[WHAT THE EXERCISE ASKS] Show every line of the data that includes the word "assms".

(Stored data)
lemma attr_in_if_path: "path_of t w d \<Longrightarrow> x \<in> set w \<Longrightarrow> attr_in (fst x) t"
  by (induction rule: path_of.induct) (auto intro: attr_in.intros)

lemma path_values_less: "path_of t w d \<Longrightarrow> wf_sub k t \<Longrightarrow> x \<in> set w \<Longrightarrow> snd x < k"
  by (induction rule: path_of.induct) (auto elim: wf_sub.cases)

lemma card_path_decisions_le:
  assumes "wf_sub k t" "det_sub t" "\<And>w d. path_of t w d \<Longrightarrow> length w \<le> h" and k: "0 < k"
  shows "card {d. \<exists>w. path_of t w d} \<le> k ^ h"
  using assms(1-3)
proof (induction arbitrary: h rule: wf_sub.induct)
  case (1 d) then show ?case using k by (simp add: path_of_Leaf_iff)
next
  case (2 es f)
  from 2(3) have dist: "distinct (map fst es)" and det: "\<And>\<delta> c. (\<delta>, c) \<in> set es \<Longrightarrow> det_sub c"
    by (auto elim: det_sub.cases)
  obtain \<delta>0 c0 where "(\<delta>0, c0) \<in> set es" using 2(1) by (cases es) auto
  moreover obtain w0 d0 where "path_of c0 w0 d0" using 2(2) calculation wf_sub_has_path by blast
  ultimately have "path_of (Node f es) ((f, \<delta>0) # w0) d0" by (auto simp: path_of_Node_iff)
  then have "length ((f, \<delta>0) # w0) \<le> h" by (rule 2(4))
  then obtain h' where h: "h = Suc h'" by (cases h) auto
  have IH: "card {d. \<exists>w. path_of c w d} \<le> k ^ h'" if "(\<delta>, c) \<in> set es" for \<delta> c
  proof -
    have "length w \<le> h'" if "path_of c w d" for w d
    proof -
      have "path_of (Node f es) ((f, \<delta>) # w) d"
        using \<open>(\<delta>, c) \<in> set es\<close> that by (auto simp: path_of_Node_iff)
      then show ?thesis using 2(4) h by fastforce
    qed
    then show ?thesis using 2(2) that det by blast
  qed
  have "card (set es) = card (fst ` set es)" using dist by (simp add: card_image distinct_map)
  also have "\<dots> \<le> card {..<k}" using 2(2) by (intro card_mono) auto
  finally have card_es: "card (set es) \<le> k" by simp
  have "{d. \<exists>w. path_of (Node f es) w d} = (\<Union>x\<in>set es. {d. \<exists>w. path_of (snd x) w d})"
    by (force simp: path_of_Node_iff)
  then have "card {d. \<exists>w. path_of (Node f es) w d} \<le> (\<Sum>x\<in>set es. card {d. \<exists>w. path_of (snd x) w d})"
    by (simp add: card_UN_le)
  also have "\<dots> \<le> (\<Sum>x\<in>set es. k ^ h')" using IH by (intro sum_mono) (metis prod.collapse)
  also have "\<dots> \<le> k * k ^ h'" using card_es by simp
  finally show ?case using h by simp
qed

lemma finite_path_complexities:
  "k_tree k \<Gamma> \<Longrightarrow> finite {\<psi> (map fst w) | t w d. t \<in> set \<Gamma> \<and> path_of t w d}"
proof -
  assume kt: "k_tree k \<Gamma>"
  have "{\<psi> (map fst w) | t w d. t \<in> set \<Gamma> \<and> path_of t w d} \<subseteq>
        (\<Union>t\<in>set \<Gamma>. (\<lambda>(w, d). \<psi> (map fst w)) ` {(w, d). path_of t w d})"
    by force
  moreover have "finite (\<Union>t\<in>set \<Gamma>. (\<lambda>(w, d). \<psi> (map fst w)) ` {(w, d). path_of t w d})"
    using kt finite_paths by (auto simp: k_tree_def)
  ultimately show ?thesis by (rule finite_subset)
qed

lemma path_complexity_le_psi_tree:
  "k_tree k \<Gamma> \<Longrightarrow> t \<in> set \<Gamma> \<Longrightarrow> path_of t w d \<Longrightarrow> \<psi> (map fst w) \<le> psi_tree \<psi> \<Gamma>"
  unfolding psi_tree_def by (rule Max_ge) (blast intro: finite_path_complexities)+

lemma psi_tree_le:
  assumes kt: "k_tree k \<Gamma>" and le: "\<And>t w d. t \<in> set \<Gamma> \<Longrightarrow> path_of t w d \<Longrightarrow> \<psi> (map fst w) \<le> n"
  shows "psi_tree \<psi> \<Gamma> \<le> n"
proof -
  obtain t where t: "t \<in> set \<Gamma>" using kt unfolding k_tree_def by (cases \<Gamma>) auto
  then obtain w d where "path_of t w d" using kt wf_sub_has_path unfolding k_tree_def by blast
  then have "{\<psi> (map fst w) | t w d. t \<in> set \<Gamma> \<and> path_of t w d} \<noteq> {}" using t by blast
  then show ?thesis
    unfolding psi_tree_def using Max_le_iff[OF finite_path_complexities[OF kt]] le by blast
qed

definition tree_decisions :: "ktree \<Rightarrow> nat set" where
  "tree_decisions \<Gamma> = {d. \<exists>t\<in>set \<Gamma>. \<exists>w. path_of t w d}"

lemma card_tree_decisions_le:
  assumes bcm: "bounded_complexity_measure \<psi>" and k: "0 < k" and dt: "det_tree k T \<Gamma>"
  shows "card (tree_decisions \<Gamma>) \<le> k ^ psi_tree \<psi> \<Gamma>"
proof -
  obtain t where \<Gamma>: "\<Gamma> = [t]" using dt unfolding det_tree_def by (cases \<Gamma>) auto
  have kt: "k_tree k \<Gamma>" and det: "det_sub t" using dt \<Gamma> by (auto simp: det_tree_def nondet_tree_def)
  then have wf: "wf_sub k t" using \<Gamma> by (simp add: k_tree_def)
  have "length w \<le> psi_tree \<psi> \<Gamma>" if "path_of t w d" for w d
  proof -
    have "length (map fst w) \<le> \<psi> (map fst w)"
      using bcm unfolding bounded_complexity_measure_def by blast
    also have "\<dots> \<le> psi_tree \<psi> \<Gamma>" using path_complexity_le_psi_tree[OF kt _ that] \<Gamma> by simp
    finally show ?thesis by simp
  qed
  then show ?thesis
    using card_path_decisions_le[OF wf det _ k] \<Gamma> by (simp add: tree_decisions_def)
qed

lemma finite_tree_decisions: "k_tree k \<Gamma> \<Longrightarrow> finite (tree_decisions \<Gamma>)"
proof -
  assume kt: "k_tree k \<Gamma>"
  have "tree_decisions \<Gamma> \<subseteq> (\<Union>t\<in>set \<Gamma>. snd ` {(w, d). path_of t w d})"
    unfolding tree_decisions_def by force
  moreover have "finite (\<Union>t\<in>set \<Gamma>. snd ` {(w, d). path_of t w d})"
    using kt finite_paths by (auto simp: k_tree_def)
  ultimately show ?thesis by (rule finite_subset)
qed

lemma nondet_tree_row_decision:
  assumes "nondet_tree k T \<Gamma>" and "x \<in> Rows T"
  shows "\<exists>d\<in>snd x. d \<in> tree_decisions \<Gamma>"
proof -
  obtain t w d where t: "t \<in> set \<Gamma>" "path_of t w d" and x: "x \<in> Rows (sub T w)"
    using assms unfolding nondet_tree_def by blast
  then have "d \<in> Pi_dec (sub T w)"
    using assms(1) sub_eq_empty_iff unfolding nondet_tree_def by blast
  then show ?thesis using x t by (auto simp: Pi_dec_eq_Inter_Rows tree_decisions_def)
qed

fun path_tree :: "(nat \<times> nat) list \<Rightarrow> nat \<Rightarrow> Defs.dtree" where
  "path_tree [] d = Leaf d"
| "path_tree ((f, \<delta>) # \<alpha>) d = Node f [(\<delta>, path_tree \<alpha> d)]"

lemma path_of_path_tree_iff: "path_of (path_tree \<alpha> e) w d \<longleftrightarrow> w = \<alpha> \<and> d = e"
  by (induction \<alpha> e arbitrary: w rule: path_tree.induct) (auto simp: path_of_Leaf_iff path_of_Node_iff)

lemma wf_sub_path_tree: "\<forall>x\<in>set \<alpha>. snd x < k \<Longrightarrow> wf_sub k (path_tree \<alpha> e)"
  by (induction \<alpha> e rule: path_tree.induct) (auto intro: wf_sub.intros)

lemma attr_in_path_tree: "attr_in a (path_tree \<alpha> e) \<Longrightarrow> a \<in> fst ` set \<alpha>"
  by (induction \<alpha> e rule: path_tree.induct) (auto elim: attr_in.cases)

fun full_tree :: "nat \<Rightarrow> ((nat \<times> nat) list \<Rightarrow> nat) \<Rightarrow> nat list \<Rightarrow> (nat \<times> nat) list \<Rightarrow> Defs.dtree" where
  "full_tree k g [] acc = Leaf (g acc)"
| "full_tree k g (b # bs) acc = Node b (map (\<lambda>\<delta>. (\<delta>, full_tree k g bs (acc @ [(b, \<delta>)]))) [0..<k])"

lemma path_of_full_tree_iff:
  "path_of (full_tree k g bs acc) w d \<longleftrightarrow> map fst w = bs \<and> (\<forall>x\<in>set w. snd x < k) \<and> d = g (acc @ w)"
proof (induction bs arbitrary: acc w)
  case Nil then show ?case by (auto simp: path_of_Leaf_iff)
next
  case (Cons b bs)
  show ?case
  proof
    assume "path_of (full_tree k g (b # bs) acc) w d"
    then obtain \<delta> w' where "w = (b, \<delta>) # w'" "\<delta> < k" "path_of (full_tree k g bs (acc @ [(b, \<delta>)])) w' d"
      by (auto simp: path_of_Node_iff)
    then show "map fst w = b # bs \<and> (\<forall>x\<in>set w. snd x < k) \<and> d = g (acc @ w)"
      using Cons.IH by auto
  next
    assume w: "map fst w = b # bs \<and> (\<forall>x\<in>set w. snd x < k) \<and> d = g (acc @ w)"
    then obtain \<delta> w' where w': "w = (b, \<delta>) # w'" by (cases w) auto
    then have "path_of (full_tree k g bs (acc @ [(b, \<delta>)])) w' d" using w Cons.IH by auto
    moreover have "(\<delta>, full_tree k g bs (acc @ [(b, \<delta>)]))
        \<in> set (map (\<lambda>\<delta>. (\<delta>, full_tree k g bs (acc @ [(b, \<delta>)]))) [0..<k])"
      using w w' by auto
    ultimately show "path_of (full_tree k g (b # bs) acc) w d"
      unfolding w' full_tree.simps by (rule path_of.intros(2)[rotated])
  qed
qed

lemma wf_sub_full_tree: "0 < k \<Longrightarrow> wf_sub k (full_tree k g bs acc)"
  by (induction bs arbitrary: acc) (auto intro!: wf_sub.intros)

lemma det_sub_full_tree: "det_sub (full_tree k g bs acc)"
  by (induction bs arbitrary: acc) (auto intro!: det_sub.intros simp: comp_def)

lemma attr_in_full_tree: "attr_in a (full_tree k g bs acc) \<Longrightarrow> a \<in> set bs"
proof (induction bs arbitrary: acc)
  case (Cons b bs)
  from Cons.prems have "a = b \<or> (\<exists>\<delta>. attr_in a (full_tree k g bs (acc @ [(b, \<delta>)])))"
    unfolding full_tree.simps by (cases rule: attr_in.cases) auto
  then show ?case using Cons.IH by auto
qed (auto elim: attr_in.cases)

lemma row_matching_word:
  assumes v: "valid_table k T" and r: "(r, D) \<in> Rows T" and bs: "set bs \<subseteq> At T"
  shows "\<exists>w. map fst w = bs \<and> (\<forall>x\<in>set w. snd x < k) \<and> row_matches (fst T) r w"
proof -
  have len: "length r = length (fst T)" and rk: "\<forall>v\<in>set r. v < k"
    using valid_table_row[OF v r] by auto
  define w where "w = map (\<lambda>b. (b, the (map_of (zip (fst T) r) b))) bs"
  have "map_of (zip (fst T) r) b = Some (the (map_of (zip (fst T) r) b))
        \<and> the (map_of (zip (fst T) r) b) < k" if "b \<in> set bs" for b
    using map_of_zip_row[OF len] that bs rk by (fastforce simp: At_def)
  then have "(\<forall>x\<in>set w. snd x < k) \<and> row_matches (fst T) r w"
    unfolding w_def row_matches_def by auto
  moreover have "map fst w = bs" unfolding w_def by (simp add: comp_def)
  ultimately show ?thesis by blast
qed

[OUTPUT]
  using assms(1-3)
    using assms unfolding nondet_tree_def by blast
    using assms(1) sub_eq_empty_iff unfolding nondet_tree_def by blast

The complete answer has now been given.